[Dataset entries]
== Segment start ==
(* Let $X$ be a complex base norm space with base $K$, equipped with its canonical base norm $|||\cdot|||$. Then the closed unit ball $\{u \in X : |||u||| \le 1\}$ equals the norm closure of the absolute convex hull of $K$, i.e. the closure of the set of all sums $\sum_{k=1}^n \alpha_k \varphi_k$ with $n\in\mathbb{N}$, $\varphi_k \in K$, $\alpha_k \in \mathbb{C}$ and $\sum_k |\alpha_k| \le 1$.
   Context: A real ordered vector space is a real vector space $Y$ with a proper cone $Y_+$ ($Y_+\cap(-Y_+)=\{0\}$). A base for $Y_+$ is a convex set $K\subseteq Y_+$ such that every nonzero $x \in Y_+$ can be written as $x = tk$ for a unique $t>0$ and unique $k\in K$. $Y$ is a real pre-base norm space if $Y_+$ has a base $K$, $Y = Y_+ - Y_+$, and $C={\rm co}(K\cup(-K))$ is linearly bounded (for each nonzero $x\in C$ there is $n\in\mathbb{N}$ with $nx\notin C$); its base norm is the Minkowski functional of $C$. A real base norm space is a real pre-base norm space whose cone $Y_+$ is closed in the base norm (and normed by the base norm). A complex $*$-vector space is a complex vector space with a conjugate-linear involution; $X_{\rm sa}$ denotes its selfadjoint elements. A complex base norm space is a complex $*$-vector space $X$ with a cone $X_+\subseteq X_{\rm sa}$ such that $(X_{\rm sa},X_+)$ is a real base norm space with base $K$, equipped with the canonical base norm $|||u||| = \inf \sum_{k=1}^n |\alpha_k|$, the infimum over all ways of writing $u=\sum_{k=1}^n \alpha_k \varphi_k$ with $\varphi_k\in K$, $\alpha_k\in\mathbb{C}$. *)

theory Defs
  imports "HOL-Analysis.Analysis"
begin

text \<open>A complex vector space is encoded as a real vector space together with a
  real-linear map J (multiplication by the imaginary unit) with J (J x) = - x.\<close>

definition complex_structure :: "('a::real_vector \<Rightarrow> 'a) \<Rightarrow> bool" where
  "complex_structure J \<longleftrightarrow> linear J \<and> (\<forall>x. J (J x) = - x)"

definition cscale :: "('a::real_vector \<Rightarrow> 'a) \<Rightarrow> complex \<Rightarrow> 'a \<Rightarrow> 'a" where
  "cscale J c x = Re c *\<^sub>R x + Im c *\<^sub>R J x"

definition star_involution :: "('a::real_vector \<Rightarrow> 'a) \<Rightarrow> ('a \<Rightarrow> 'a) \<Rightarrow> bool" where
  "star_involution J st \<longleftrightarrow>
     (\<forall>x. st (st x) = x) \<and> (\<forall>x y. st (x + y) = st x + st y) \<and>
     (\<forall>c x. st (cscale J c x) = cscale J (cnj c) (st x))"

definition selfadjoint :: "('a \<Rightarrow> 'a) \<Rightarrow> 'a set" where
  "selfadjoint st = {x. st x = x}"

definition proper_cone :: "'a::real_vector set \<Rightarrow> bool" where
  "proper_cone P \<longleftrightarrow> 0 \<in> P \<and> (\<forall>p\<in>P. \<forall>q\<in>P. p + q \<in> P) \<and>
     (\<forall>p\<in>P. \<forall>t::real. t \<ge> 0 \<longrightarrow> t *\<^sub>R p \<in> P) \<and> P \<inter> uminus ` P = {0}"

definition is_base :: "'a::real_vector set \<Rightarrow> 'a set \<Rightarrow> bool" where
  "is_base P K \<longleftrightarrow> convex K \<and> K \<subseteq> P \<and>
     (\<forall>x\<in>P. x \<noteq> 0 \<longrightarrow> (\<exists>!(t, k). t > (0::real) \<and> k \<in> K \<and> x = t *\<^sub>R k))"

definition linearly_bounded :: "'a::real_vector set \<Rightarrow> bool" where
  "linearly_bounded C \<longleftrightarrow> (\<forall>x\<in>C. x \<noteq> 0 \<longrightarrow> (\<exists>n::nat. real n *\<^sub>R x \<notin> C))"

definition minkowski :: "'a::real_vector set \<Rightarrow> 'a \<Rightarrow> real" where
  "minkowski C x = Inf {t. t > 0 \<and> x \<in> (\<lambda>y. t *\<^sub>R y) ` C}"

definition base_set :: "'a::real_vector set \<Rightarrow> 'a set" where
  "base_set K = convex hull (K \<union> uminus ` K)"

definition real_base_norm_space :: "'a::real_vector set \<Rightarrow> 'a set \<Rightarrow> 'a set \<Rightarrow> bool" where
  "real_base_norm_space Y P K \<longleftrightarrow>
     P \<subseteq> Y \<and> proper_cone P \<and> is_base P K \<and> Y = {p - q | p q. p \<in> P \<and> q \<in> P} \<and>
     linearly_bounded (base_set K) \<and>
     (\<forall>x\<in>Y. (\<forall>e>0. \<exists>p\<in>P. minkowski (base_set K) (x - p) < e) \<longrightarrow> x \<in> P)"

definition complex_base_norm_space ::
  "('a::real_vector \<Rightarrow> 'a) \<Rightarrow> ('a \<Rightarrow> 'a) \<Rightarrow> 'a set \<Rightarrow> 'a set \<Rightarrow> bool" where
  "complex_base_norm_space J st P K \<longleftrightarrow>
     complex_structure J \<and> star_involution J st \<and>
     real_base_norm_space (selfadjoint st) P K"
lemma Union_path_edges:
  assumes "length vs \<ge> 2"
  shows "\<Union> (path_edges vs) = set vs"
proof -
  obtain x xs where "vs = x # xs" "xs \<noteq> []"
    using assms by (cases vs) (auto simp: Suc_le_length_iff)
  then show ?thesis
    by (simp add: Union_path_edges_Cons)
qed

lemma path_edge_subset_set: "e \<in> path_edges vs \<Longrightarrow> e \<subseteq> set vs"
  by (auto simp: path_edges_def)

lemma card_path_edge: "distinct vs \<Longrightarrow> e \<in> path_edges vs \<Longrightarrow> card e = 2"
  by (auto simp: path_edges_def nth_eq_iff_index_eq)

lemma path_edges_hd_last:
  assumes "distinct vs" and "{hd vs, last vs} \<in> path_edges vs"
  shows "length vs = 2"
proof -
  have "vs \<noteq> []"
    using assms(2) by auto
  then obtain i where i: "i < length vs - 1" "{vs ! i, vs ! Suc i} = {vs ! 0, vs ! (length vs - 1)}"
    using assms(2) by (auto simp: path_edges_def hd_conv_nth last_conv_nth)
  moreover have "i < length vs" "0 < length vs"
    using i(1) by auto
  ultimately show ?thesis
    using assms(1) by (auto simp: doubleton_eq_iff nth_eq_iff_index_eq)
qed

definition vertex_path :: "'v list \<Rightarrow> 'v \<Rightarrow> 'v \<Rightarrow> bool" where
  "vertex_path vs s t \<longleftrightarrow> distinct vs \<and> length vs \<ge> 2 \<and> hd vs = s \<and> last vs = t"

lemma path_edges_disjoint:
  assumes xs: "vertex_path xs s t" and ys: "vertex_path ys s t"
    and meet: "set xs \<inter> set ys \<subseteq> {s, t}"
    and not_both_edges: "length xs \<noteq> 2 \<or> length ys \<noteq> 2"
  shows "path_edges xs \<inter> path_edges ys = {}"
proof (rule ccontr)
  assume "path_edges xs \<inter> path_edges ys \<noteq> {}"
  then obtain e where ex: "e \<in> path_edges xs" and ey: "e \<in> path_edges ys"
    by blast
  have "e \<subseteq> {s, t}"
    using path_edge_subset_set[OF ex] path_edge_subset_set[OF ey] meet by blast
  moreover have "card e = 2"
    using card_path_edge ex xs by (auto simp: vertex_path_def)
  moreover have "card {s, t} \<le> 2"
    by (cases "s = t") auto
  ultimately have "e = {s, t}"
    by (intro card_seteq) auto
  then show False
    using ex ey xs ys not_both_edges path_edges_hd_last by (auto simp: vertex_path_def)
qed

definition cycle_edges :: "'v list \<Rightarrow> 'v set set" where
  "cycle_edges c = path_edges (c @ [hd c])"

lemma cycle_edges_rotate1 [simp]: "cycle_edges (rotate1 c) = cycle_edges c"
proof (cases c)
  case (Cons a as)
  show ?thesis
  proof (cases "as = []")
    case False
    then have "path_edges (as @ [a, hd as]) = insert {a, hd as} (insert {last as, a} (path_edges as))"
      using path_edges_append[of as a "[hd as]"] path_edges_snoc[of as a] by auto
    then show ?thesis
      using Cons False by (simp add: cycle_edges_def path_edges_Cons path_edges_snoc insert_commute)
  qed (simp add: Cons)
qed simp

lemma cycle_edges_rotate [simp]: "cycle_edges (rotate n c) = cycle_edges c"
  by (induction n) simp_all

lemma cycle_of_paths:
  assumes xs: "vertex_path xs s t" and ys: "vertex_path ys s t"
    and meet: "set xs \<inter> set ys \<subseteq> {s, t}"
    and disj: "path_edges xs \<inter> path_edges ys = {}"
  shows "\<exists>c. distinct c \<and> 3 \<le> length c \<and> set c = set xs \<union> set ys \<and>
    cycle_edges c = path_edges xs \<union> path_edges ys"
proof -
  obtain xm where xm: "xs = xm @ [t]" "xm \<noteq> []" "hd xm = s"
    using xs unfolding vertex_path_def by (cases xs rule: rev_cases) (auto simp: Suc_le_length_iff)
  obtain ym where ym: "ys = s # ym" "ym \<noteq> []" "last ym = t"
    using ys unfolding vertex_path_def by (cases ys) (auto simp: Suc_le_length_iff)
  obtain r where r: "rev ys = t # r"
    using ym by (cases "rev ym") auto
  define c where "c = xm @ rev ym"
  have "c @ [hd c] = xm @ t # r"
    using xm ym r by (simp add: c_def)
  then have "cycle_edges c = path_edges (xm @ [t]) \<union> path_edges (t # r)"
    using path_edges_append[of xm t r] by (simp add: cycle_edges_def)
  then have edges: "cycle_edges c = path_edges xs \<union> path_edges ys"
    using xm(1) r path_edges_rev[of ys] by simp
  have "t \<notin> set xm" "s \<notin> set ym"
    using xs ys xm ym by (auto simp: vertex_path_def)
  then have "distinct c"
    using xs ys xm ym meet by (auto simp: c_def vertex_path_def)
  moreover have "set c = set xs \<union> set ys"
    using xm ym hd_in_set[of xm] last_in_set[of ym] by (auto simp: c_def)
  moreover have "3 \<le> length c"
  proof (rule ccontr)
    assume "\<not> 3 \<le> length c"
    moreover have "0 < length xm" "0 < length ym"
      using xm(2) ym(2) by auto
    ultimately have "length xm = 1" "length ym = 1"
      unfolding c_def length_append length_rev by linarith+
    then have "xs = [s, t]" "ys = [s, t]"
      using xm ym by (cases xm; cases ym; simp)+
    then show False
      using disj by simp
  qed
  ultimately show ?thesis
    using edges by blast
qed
== Segment end ==
◆ **Assigned task**:
Give back exactly the lines from the beginning of the records through the line containing "real-linear map J", and only those.

◆ **Result**:
(* Let $X$ be a complex base norm space with base $K$, equipped with its canonical base norm $|||\cdot|||$. Then the closed unit ball $\{u \in X : |||u||| \le 1\}$ equals the norm closure of the absolute convex hull of $K$, i.e. the closure of the set of all sums $\sum_{k=1}^n \alpha_k \varphi_k$ with $n\in\mathbb{N}$, $\varphi_k \in K$, $\alpha_k \in \mathbb{C}$ and $\sum_k |\alpha_k| \le 1$.
   Context: A real ordered vector space is a real vector space $Y$ with a proper cone $Y_+$ ($Y_+\cap(-Y_+)=\{0\}$). A base for $Y_+$ is a convex set $K\subseteq Y_+$ such that every nonzero $x \in Y_+$ can be written as $x = tk$ for a unique $t>0$ and unique $k\in K$. $Y$ is a real pre-base norm space if $Y_+$ has a base $K$, $Y = Y_+ - Y_+$, and $C={\rm co}(K\cup(-K))$ is linearly bounded (for each nonzero $x\in C$ there is $n\in\mathbb{N}$ with $nx\notin C$); its base norm is the Minkowski functional of $C$. A real base norm space is a real pre-base norm space whose cone $Y_+$ is closed in the base norm (and normed by the base norm). A complex $*$-vector space is a complex vector space with a conjugate-linear involution; $X_{\rm sa}$ denotes its selfadjoint elements. A complex base norm space is a complex $*$-vector space $X$ with a cone $X_+\subseteq X_{\rm sa}$ such that $(X_{\rm sa},X_+)$ is a real base norm space with base $K$, equipped with the canonical base norm $|||u||| = \inf \sum_{k=1}^n |\alpha_k|$, the infimum over all ways of writing $u=\sum_{k=1}^n \alpha_k \varphi_k$ with $\varphi_k\in K$, $\alpha_k\in\mathbb{C}$. *)

theory Defs
  imports "HOL-Analysis.Analysis"
begin

text \<open>A complex vector space is encoded as a real vector space together with a
  real-linear map J (multiplication by the imaginary unit) with J (J x) = - x.\<close>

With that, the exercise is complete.